Dataset records
########################################

lemma coeff_relation_poly:
  "coeff (relation_poly p) j = (if 1 \<le> j \<and> j \<le> p then int (p choose j) else 0)"
proof (cases "j \<le> p")
  case True
  then show ?thesis
    by (cases "j = 0") (simp_all add: relation_poly_def coeff_linear_poly_power coeff_1)
next
  case False
  then show ?thesis
    by (simp add: relation_poly_def coeff_eq_0 degree_linear_power coeff_1)
qed

lemma degree_relation_poly: "0 < p \<Longrightarrow> degree (relation_poly p) = p"
  using degree_le[of p "relation_poly p"] le_degree[of "relation_poly p" p]
  by (force simp: coeff_relation_poly)

text \<open>The exponent vector of \<open>\<phi> (\<Prod>\<^sub>i a\<^sub>i ^ x\<^sub>i)\<close>, computed over the integers.\<close>

definition phi_lift :: "nat \<Rightarrow> (nat \<Rightarrow> int) \<Rightarrow> nat \<Rightarrow> int" where
  "phi_lift p x j = (if j = 0 then x 0 else x j + x (j - 1) - int (p choose j) * x (p - 1))"

lemma vec_poly_phi_lift:
  assumes "0 < p"
  shows "vec_poly p (phi_lift p x) = [:1, 1:] * vec_poly p x - smult (x (p - 1)) (relation_poly p)"
proof (rule poly_eqI)
  fix j
  show "coeff (vec_poly p (phi_lift p x)) j
      = coeff ([:1, 1:] * vec_poly p x - smult (x (p - 1)) (relation_poly p)) j"
  proof (cases j)
    case 0
    then show ?thesis
      using assms by (simp add: coeff_vec_poly coeff_relation_poly phi_lift_def)
  next
    case (Suc i)
    consider "Suc i < p" | "Suc i = p" | "p < Suc i" by linarith
    then show ?thesis
      using assms Suc
      by cases (auto simp: coeff_vec_poly coeff_relation_poly phi_lift_def)
  qed
qed

lemma relation_poly_dvd_vec_poly_phi_lift_funpow:
  assumes "0 < p"
  shows "relation_poly p dvd vec_poly p ((phi_lift p ^^ k) x) - [:1, 1:] ^ k * vec_poly p x"
proof (induction k)
  case (Suc k)
  let ?y = "(phi_lift p ^^ k) x"
  have "vec_poly p ((phi_lift p ^^ Suc k) x) - [:1, 1:] ^ Suc k * vec_poly p x
      = [:1, 1:] * (vec_poly p ?y - [:1, 1:] ^ k * vec_poly p x) - [:?y (p - 1):] * relation_poly p"
    using vec_poly_phi_lift[OF assms] by (simp add: algebra_simps)
  then show ?case
    by (simp only:) (rule dvd_diff[OF dvd_mult[OF Suc.IH] dvd_triv_right])
qed simp

lemma phi_lift_funpow_p:
  assumes "0 < p" "j < p"
  shows "(phi_lift p ^^ p) x j = x j"
proof -
  let ?d = "vec_poly p ((phi_lift p ^^ p) x) - vec_poly p x"
  have "?d = (vec_poly p ((phi_lift p ^^ p) x) - [:1, 1:] ^ p * vec_poly p x)
      + relation_poly p * vec_poly p x"
    by (simp add: relation_poly_def algebra_simps)
  then have dvd: "relation_poly p dvd ?d"
    by (simp only:)
      (rule dvd_add[OF relation_poly_dvd_vec_poly_phi_lift_funpow[OF assms(1)] dvd_triv_left])
  have "degree ?d \<le> max (degree (vec_poly p ((phi_lift p ^^ p) x))) (degree (vec_poly p x))"
    by (rule degree_diff_le_max)
  also have "\<dots> < degree (relation_poly p)"
    using degree_vec_poly_less[OF assms(1)] degree_relation_poly[OF assms(1)] by simp
  finally have "?d = 0"
    using dvd_imp_degree_le[OF dvd] by (meson leD)
  then have "coeff (vec_poly p ((phi_lift p ^^ p) x)) j = coeff (vec_poly p x) j"
    by simp
  then show ?thesis
    using assms(2) by (simp add: coeff_vec_poly)
qed

definition gen_order :: "nat \<Rightarrow> nat \<Rightarrow> nat \<Rightarrow> nat" where
  "gen_order p m i = (if i = 0 then p ^ m else p ^ (m - 1))"

definition reduce :: "nat \<Rightarrow> nat \<Rightarrow> (nat \<Rightarrow> int) \<Rightarrow> nat \<Rightarrow> int" where
  "reduce p m y = (\<lambda>j\<in>{..<p}. y j mod int (gen_order p m j))"

definition phi :: "nat \<Rightarrow> nat \<Rightarrow> (nat \<Rightarrow> int) \<Rightarrow> nat \<Rightarrow> int" where
  "phi p m x = reduce p m (phi_lift p x)"

lemma Wgrp_eq: "Wgrp p m = product_group {..<p} (\<lambda>i. integer_mod_group (gen_order p m i))"
  by (simp add: Wgrp_def gen_order_def)

lemma comm_group_Wgrp: "comm_group (Wgrp p m)"
  unfolding Wgrp_eq by (rule comm_group_product_group) simp

lemma group_Wgrp: "group (Wgrp p m)"
  using comm_group_Wgrp by (rule comm_group.axioms(2))

lemma mult_Wgrp: "x \<otimes>\<^bsub>Wgrp p m\<^esub> y = reduce p m (\<lambda>i. x i + y i)"
  by (simp add: Wgrp_eq reduce_def)

lemma int_pow_Wgrp_apply:
  assumes "x \<in> carrier (Wgrp p m)" "j < p"
  shows "(x [^]\<^bsub>Wgrp p m\<^esub> (k::int)) j = (k * x j) mod int (gen_order p m j)"
  using assms int_pow_product_group_apply[of "{..<p}" "\<lambda>i. integer_mod_group (gen_order p m i)"]
  by (simp add: Wgrp_eq int_pow_integer_mod_group)
(* Let $K=\mathbb{Q}(\rho)$ be a simplest cubic field, where $\rho$ is a root of $x^3-ax^2-(a+3)x-1$ with $a\in\mathbb{Z}_{\geq-1}$, and let $\Delta=a^2+3a+9$. Suppose $p^2\mid\Delta$ for a prime $p>3$. Then there are integers $1\leq k,l\leq p-1$ such that $\frac{k+l\rho+\rho^2}{p}\in\mathcal{O}_K$. *)

theory Defs
  imports "HOL-Computational_Algebra.Polynomial" "HOL-Computational_Algebra.Primes"
begin

end

theory Submission
  imports Defs
begin

text \<open>
  Shift the root: for \<open>3 r \<equiv> a (mod p)\<close> the element \<open>s = \<rho> - r\<close> is a root of
  \<open>f(x + r) = x\<^sup>3 + f''(r)/2 x\<^sup>2 + f'(r) x + f(r)\<close>, where \<open>f = x\<^sup>3 - a x\<^sup>2 - (a + 3) x - 1\<close>.
  Because \<open>3 f'(r) = (3 r - a)\<^sup>2 - \<Delta>\<close> and \<open>27 f(r) = (3 r - a)\<^sup>3 - 3 (3 r - a) \<Delta> - (2 a + 3) \<Delta>\<close>,
  the hypothesis \<open>p\<^sup>2 dvd \<Delta>\<close> makes \<open>p\<close> divide the two middle coefficients and \<open>p\<^sup>2\<close>
  the constant one. For such a root \<open>s\<close>, the number \<open>(s\<^sup>2 + p n s + p m) / p\<close> is a root of an
  explicit monic integer cubic. Finally \<open>k + l \<rho> + \<rho>\<^sup>2 = s\<^sup>2 + (l + 2 r) s + (k + l r + r\<^sup>2)\<close>,
  so \<open>l \<equiv> -2 r\<close> and \<open>k \<equiv> r\<^sup>2 (mod p)\<close> work, and they are nonzero mod \<open>p\<close> because \<open>p\<close> does
  not divide \<open>r\<close>.
\<close>

lemma algebraic_int_monic_cubic_root:
  fixes x :: "'a :: field" and c0 c1 c2 :: int
  assumes "x ^ 3 + of_int c2 * x ^ 2 + of_int c1 * x + of_int c0 = 0"
  shows "algebraic_int x"
proof
  show "poly [:of_int c0, of_int c1, of_int c2, 1:] x = 0"
    using assms by (simp add: algebra_simps power2_eq_square power3_eq_cube)
  show "\<forall>i. coeff [:of_int c0, of_int c1, of_int c2, 1:] i \<in> (\<int> :: 'a set)"
    by (auto simp: coeff_pCons split: nat.splits)
qed simp

lemma algebraic_int_cubic_square_div:
  fixes s :: "'a :: field_char_0" and p b0 b1 b2 n m :: int
  assumes "p \<noteq> 0"
    and root: "s ^ 3 + of_int b2 * s ^ 2 + of_int b1 * s + of_int b0 = 0"
    and "p dvd b2" "p dvd b1" "p ^ 2 dvd b0" "p dvd n" "p dvd m"
  shows "algebraic_int ((s ^ 2 + of_int n * s + of_int m) / of_int p)"
proof -
  obtain u v w n' m' where
    b: "b2 = p * u" "b1 = p * v" "b0 = p ^ 2 * w" and nm: "n = p * n'" "m = p * m'"
    using assms(3-7) by (elim dvdE) blast
  define \<theta> where "\<theta> = (s ^ 2 + of_int n * s + of_int m) / (of_int p :: 'a)"
  \<comment> \<open>\<open>X\<^sup>3 + c2 X\<^sup>2 + c1 X + c0 = \<Prod>\<^sub>i (X - (s\<^sub>i\<^sup>2 + n s\<^sub>i + m) / p)\<close>, \<open>s\<^sub>i\<close> the roots of the given cubic\<close>
  define c2 where "c2 = -3*m' + 2*v + p*u*n' - p*u^2"
  define c1 where "c1 = 3*m'^2 - 4*v*m' + v^2 + 3*p*w*n' + p*v*n'^2 - 2*p*u*n'*m' - 2*p*u*w
    - p*u*v*n' + 2*p*u^2*m'"
  define c0 where "c0 = - (m'^3) + 2*v*m'^2 - v^2*m' - 3*p*w*n'*m' - p*w^2 - p*v*n'^2*m'
    + p*v*w*n' + p*u*n'*m'^2 + 2*p*u*w*m' + p*u*v*n'*m' - p*u^2*m'^2 + p^2*w*n'^3 - p^2*u*w*n'^2"
  have "of_int p ^ 3 * (\<theta> ^ 3 + of_int c2 * \<theta> ^ 2 + of_int c1 * \<theta> + of_int c0)
      = (s ^ 3 + of_int (3*p*n' - p*u) * s ^ 2 + of_int (p*v + 3*p^2*n'^2 - 2*p^2*u*n') * s
           + of_int (- (p^2*w) + p^2*v*n' + p^3*n'^3 - p^3*u*n'^2))
        * (s ^ 3 + of_int b2 * s ^ 2 + of_int b1 * s + of_int b0)"
    using assms(1) unfolding \<theta>_def c2_def c1_def c0_def b nm
    by (simp add: field_simps power2_eq_square power3_eq_cube)
  also have "\<dots> = 0"
    using root by simp
  finally have "\<theta> ^ 3 + of_int c2 * \<theta> ^ 2 + of_int c1 * \<theta> + of_int c0 = 0"
    using assms(1) by simp
  then show ?thesis
    unfolding \<theta>_def by (rule algebraic_int_monic_cubic_root)
qed

lemma simplest_cubic_shift_coeffs_dvd:
  fixes a p :: int
  assumes "prime p" "p > 3" "p ^ 2 dvd a ^ 2 + 3 * a + 9"
  obtains r where "\<not> p dvd r" "p dvd 3 * r - a" "p dvd 3 * r ^ 2 - 2 * a * r - (a + 3)"
    "p ^ 2 dvd r ^ 3 - a * r ^ 2 - (a + 3) * r - 1"
proof -
  have "\<not> p dvd 3"
    using assms(2) by (auto dest: zdvd_imp_le)
  then have coprime3: "coprime 3 p"
    using assms(1) by (simp add: prime_imp_coprime coprime_commute)
  obtain x y where "x * 3 + y * p = 1"
    using bezout_int[of 3 p] coprime3 by auto
  define r where "r = a * x"
  define \<Delta> where "\<Delta> = a ^ 2 + 3 * a + 9"
  define d where "d = 3 * r - a"
  have "d = p * (- a * y)"
    using \<open>x * 3 + y * p = 1\<close> unfolding d_def r_def by algebra
  then have "p dvd d" by simp
  have "p ^ 2 dvd \<Delta>"
    using assms(3) by (simp add: \<Delta>_def)
  then have "p dvd \<Delta>"
    by (rule dvd_trans[rotated]) (simp add: power2_eq_square)
  have "\<not> p dvd r"
  proof
    assume "p dvd r"
    moreover have "a = 3 * r - d"
      by (simp add: d_def)
    ultimately have "p dvd a"
      using \<open>p dvd d\<close> by (metis dvd_diff dvd_mult)
    moreover have "3 * 3 = \<Delta> - a * (a + 3)"
      by (simp add: \<Delta>_def algebra_simps power2_eq_square)
    ultimately have "p dvd 3 * 3"
      using \<open>p dvd \<Delta>\<close> by (metis dvd_diff dvd_mult2)
    then show False
      using \<open>\<not> p dvd 3\<close> assms(1) prime_dvd_mult_iff by blast
  qed
  moreover have "p dvd 3 * r ^ 2 - 2 * a * r - (a + 3)"
  proof -
    have "3 * (3 * r ^ 2 - 2 * a * r - (a + 3)) = d ^ 2 - \<Delta>"
      unfolding d_def \<Delta>_def by (simp add: algebra_simps power2_eq_square)
    moreover have "p dvd d ^ 2 - \<Delta>"
      using \<open>p dvd d\<close> \<open>p dvd \<Delta>\<close> by (simp add: power2_eq_square dvd_diff dvd_mult2)
    ultimately have "p dvd 3 * (3 * r ^ 2 - 2 * a * r - (a + 3))"
      by metis
    then show ?thesis
      using coprime3 coprime_dvd_mult_right_iff coprime_commute by blast
  qed
  moreover have "p ^ 2 dvd r ^ 3 - a * r ^ 2 - (a + 3) * r - 1"
  proof -
    have "27 * (r ^ 3 - a * r ^ 2 - (a + 3) * r - 1) = d ^ 3 - 3 * d * \<Delta> - (2 * a + 3) * \<Delta>"
      unfolding d_def \<Delta>_def by (simp add: algebra_simps power2_eq_square power3_eq_cube)
    moreover have "p ^ 2 dvd d ^ 3" "p ^ 2 dvd 3 * d * \<Delta>"
      using \<open>p dvd d\<close> \<open>p dvd \<Delta>\<close> by (simp_all add: power2_eq_square power3_eq_cube mult_dvd_mono)
    ultimately have "p ^ 2 dvd 27 * (r ^ 3 - a * r ^ 2 - (a + 3) * r - 1)"
      using \<open>p ^ 2 dvd \<Delta>\<close> by (metis dvd_diff dvd_mult)
    moreover have "coprime (p ^ 2) 27"
      using coprime3 coprime_power_right_iff[of "p ^ 2" 3 3] by (simp add: coprime_commute)
    ultimately show ?thesis
      using coprime_dvd_mult_right_iff by blast
  qed
  ultimately show ?thesis
    using that \<open>p dvd d\<close> d_def by blast
qed

lemma mod_not_dvd_bounds:
  fixes x p :: int
  assumes "p > 0" "\<not> p dvd x"
  shows "1 \<le> x mod p \<and> x mod p \<le> p - 1"
proof -
  have "x mod p \<noteq> 0" "0 \<le> x mod p" "x mod p < p"
    using assms by (simp_all add: dvd_eq_mod_eq_0)
  then show ?thesis by linarith
qed

lemma square_shift_nonzero_residues:
  fixes P r :: int
  assumes "prime P" "P > 2" "\<not> P dvd r"
  obtains k l where "1 \<le> k \<and> k \<le> P - 1" "1 \<le> l \<and> l \<le> P - 1"
    "P dvd l + 2 * r" "P dvd k + l * r + r ^ 2"
proof -
  define l where "l = (- 2 * r) mod P"
  define k where "k = r ^ 2 mod P"
  have "\<not> P dvd - 2 * r" "\<not> P dvd r ^ 2"
    using assms by (auto simp: prime_dvd_mult_iff prime_dvd_power_iff dest: zdvd_imp_le)
  then have bounds: "1 \<le> k \<and> k \<le> P - 1" "1 \<le> l \<and> l \<le> P - 1"
    using \<open>P > 2\<close> unfolding k_def l_def by (simp_all add: mod_not_dvd_bounds)
  have "l mod P = (- 2 * r) mod P" "k mod P = r ^ 2 mod P"
    by (simp_all add: l_def k_def)
  then have "P dvd l - (- 2 * r)" "P dvd k - r ^ 2"
    by (simp_all only: mod_eq_dvd_iff)
  then have "P dvd l + 2 * r" "P dvd (k - r ^ 2) + (l + 2 * r) * r"
    by simp_all
  then have "P dvd l + 2 * r" "P dvd k + l * r + r ^ 2"
    by (simp_all add: algebra_simps power2_eq_square)
  then show ?thesis
    using that bounds by blast
qed

theorem proposition4p2:
  fixes a :: int and p :: nat and \<rho> :: complex
  assumes "a \<ge> -1"
    and "\<rho> ^ 3 - of_int a * \<rho> ^ 2 - of_int (a + 3) * \<rho> - 1 = 0"
    and "prime p" and "p > 3"
    and "int p ^ 2 dvd a ^ 2 + 3 * a + 9"
  shows "\<exists>k l :: int. 1 \<le> k \<and> k \<le> int p - 1 \<and> 1 \<le> l \<and> l \<le> int p - 1 \<and>
           algebraic_int ((of_int k + of_int l * \<rho> + \<rho> ^ 2) / of_nat p)"
proof -
  \<comment> \<open>The hypothesis \<open>a \<ge> -1\<close> only normalises the field; the argument does not use it.\<close>
  define P where "P = int p"
  have "prime P" "P > 3"
    using assms(3,4) by (simp_all add: P_def)
  obtain r where r: "\<not> P dvd r" "P dvd 3 * r - a" "P dvd 3 * r ^ 2 - 2 * a * r - (a + 3)"
    "P ^ 2 dvd r ^ 3 - a * r ^ 2 - (a + 3) * r - 1"
    using simplest_cubic_shift_coeffs_dvd[OF \<open>prime P\<close> \<open>P > 3\<close>] assms(5) P_def by blast
  obtain k l where bounds: "1 \<le> k \<and> k \<le> P - 1" "1 \<le> l \<and> l \<le> P - 1"
    and kl: "P dvd l + 2 * r" "P dvd k + l * r + r ^ 2"
    using square_shift_nonzero_residues[OF \<open>prime P\<close> _ r(1)] \<open>P > 3\<close> by auto
  define s where "s = \<rho> - of_int r"
  have "s ^ 3 + of_int (3 * r - a) * s ^ 2 + of_int (3 * r ^ 2 - 2 * a * r - (a + 3)) * s
      + of_int (r ^ 3 - a * r ^ 2 - (a + 3) * r - 1) = \<rho> ^ 3 - of_int a * \<rho> ^ 2 - of_int (a + 3) * \<rho> - 1"
    unfolding s_def by (simp add: algebra_simps power2_eq_square power3_eq_cube)
  with assms(2) have root: "s ^ 3 + of_int (3 * r - a) * s ^ 2
      + of_int (3 * r ^ 2 - 2 * a * r - (a + 3)) * s + of_int (r ^ 3 - a * r ^ 2 - (a + 3) * r - 1) = 0"
    by simp
  have "algebraic_int ((s ^ 2 + of_int (l + 2 * r) * s + of_int (k + l * r + r ^ 2)) / of_int P)"
    using \<open>P > 3\<close> kl by (intro algebraic_int_cubic_square_div[OF _ root r(2-4)]) simp_all
  moreover have "s ^ 2 + of_int (l + 2 * r) * s + of_int (k + l * r + r ^ 2)
      = of_int k + of_int l * \<rho> + \<rho> ^ 2"
    unfolding s_def by (simp add: algebra_simps power2_eq_square)
  ultimately have "algebraic_int ((of_int k + of_int l * \<rho> + \<rho> ^ 2) / of_int P)"
    by (simp only:)
  then show ?thesis
    using bounds unfolding P_def by auto
qed

end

########################################

#### [Work to complete]
Whenever a line of the records holds the string "integers", pick it out and copy it.

#### [Response below]
text \<open>The exponent vector of \<open>\<phi> (\<Prod>\<^sub>i a\<^sub>i ^ x\<^sub>i)\<close>, computed over the integers.\<close>
(* Let $K=\mathbb{Q}(\rho)$ be a simplest cubic field, where $\rho$ is a root of $x^3-ax^2-(a+3)x-1$ with $a\in\mathbb{Z}_{\geq-1}$, and let $\Delta=a^2+3a+9$. Suppose $p^2\mid\Delta$ for a prime $p>3$. Then there are integers $1\leq k,l\leq p-1$ such that $\frac{k+l\rho+\rho^2}{p}\in\mathcal{O}_K$. *)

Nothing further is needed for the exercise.